Act 9 Galaxies

A drum rings. Sand collects at the nodes. The superfluid settles into acoustic cavities around each seed black hole, and flat rotation curves emerge from the equation of state — no dark matter particle needed.

The Ringing Drum

Galaxy Formation

Strike a drumhead and watch what happens. The membrane vibrates, but not uniformly — it forms a pattern of still lines (nodes) and vibrating regions (antinodes). Sprinkle sand on the drum and the grains collect at the nodes, tracing out the vibration pattern. These are called Chladni patterns.

A galaxy is the same idea in three dimensions. The superfluid is the drumhead. The seed black hole at the center is the boundary condition — the edge of the drum. Gravity provides the tension. And the "sand" is ordinary matter: gas, dust, stars.

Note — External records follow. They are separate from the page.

lemma d_eps_triangle: "d_eps \<epsilon> z0 x z \<le> d_eps \<epsilon> z0 x y + d_eps \<epsilon> z0 y z"
proof (rule field_le_epsilon)
  fix e :: real assume "0 < e"
  then obtain g1 a1 b1 where g1: "rectifiable dist g1 a1 b1" "g1 a1 = x" "g1 b1 = y"
    "line_integral (rho_eps \<epsilon> z0) g1 a1 b1 < d_eps \<epsilon> z0 x y + e/2"
    using d_eps_lessE[of x y "d_eps \<epsilon> z0 x y + e/2"] by auto
  obtain g2 a2 b2 where g2: "rectifiable dist g2 a2 b2" "g2 a2 = y" "g2 b2 = z"
    "line_integral (rho_eps \<epsilon> z0) g2 a2 b2 < d_eps \<epsilon> z0 y z + e/2"
    using d_eps_lessE[of y z "d_eps \<epsilon> z0 y z + e/2"] \<open>0 < e\<close> by auto
  let ?g = "curve_join g1 b1 g2 a2"
  have "?g a1 = x" "?g (b1 + (b2 - a2)) = z"
    using curve_join_left[OF g1(1) g2(1)] curve_join_right[OF g1(1) g2(1)] g1 g2
      rectifiable_le[OF g1(1)] rectifiable_le[OF g2(1)] by auto
  then have "d_eps \<epsilon> z0 x z \<le> line_integral (rho_eps \<epsilon> z0) ?g a1 (b1 + (b2 - a2))"
    using d_eps_le_line_integral rectifiable_curve_join[OF g1(1) g2(1)] g1 g2 by simp
  also have "\<dots> = line_integral (rho_eps \<epsilon> z0) g1 a1 b1 + line_integral (rho_eps \<epsilon> z0) g2 a2 b2"
    using line_integral_curve_join[OF g1(1) g2(1) _ continuous_on_rho_eps] g1 g2 by simp
  finally show "d_eps \<epsilon> z0 x z \<le> d_eps \<epsilon> z0 x y + d_eps \<epsilon> z0 y z + e" using g1 g2 by simp
qed

lemma d_eps_ge_start: "rho_eps \<epsilon> z0 x * (1 - exp (- \<epsilon> * dist x y)) / \<epsilon> \<le> d_eps \<epsilon> z0 x y"
  by (rule d_eps_greatest) (drule line_integral_rho_eps_ge_start, simp)

lemma d_eps_ge_end: "rho_eps \<epsilon> z0 y * (1 - exp (- \<epsilon> * dist x y)) / \<epsilon> \<le> d_eps \<epsilon> z0 x y"
  by (rule d_eps_greatest) (drule line_integral_rho_eps_ge_end, simp)

lemma d_eps_le_dist: "d_eps \<epsilon> z0 x y \<le> dist x y"
proof -
  obtain g where g: "rectifiable dist g 0 (dist x y)" "g 0 = x" "g (dist x y) = y"
    "line_integral (rho_eps \<epsilon> z0) g 0 (dist x y) = integral {0..dist x y} (\<lambda>s. rho_eps \<epsilon> z0 (g s))"
    using geodesic_segment_curve by metis
  have "integral {0..dist x y} (\<lambda>s. rho_eps \<epsilon> z0 (g s)) \<le> integral {0..dist x y} (\<lambda>s. 1)"
    by (intro integral_le integrable_continuous_real continuous_on_compose2[OF continuous_on_rho_eps
          rectifiable_continuous_on[OF g(1)]]) (use eps_pos in \<open>auto intro!: rho_eps_le_1\<close>)
  then show ?thesis using d_eps_le_line_integral[OF g(1-3)] g(4) by simp
qed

The superfluid settles into a standing wave pattern around the black hole. It does not orbit like planets around a star — it rings like a bell. The density profile that emerges from this ringing is not arbitrary: it is dictated by the equation of state ($\gamma = 2$) and the boundary condition (the black hole).

Why rotation curves are flat

When you measure how fast stars orbit at different distances from a galaxy's center, you expect them to slow down farther out — just as outer planets orbit the Sun more slowly. But they do not. Stars at the edge of a galaxy orbit just as fast as stars halfway in. The rotation curve is flat.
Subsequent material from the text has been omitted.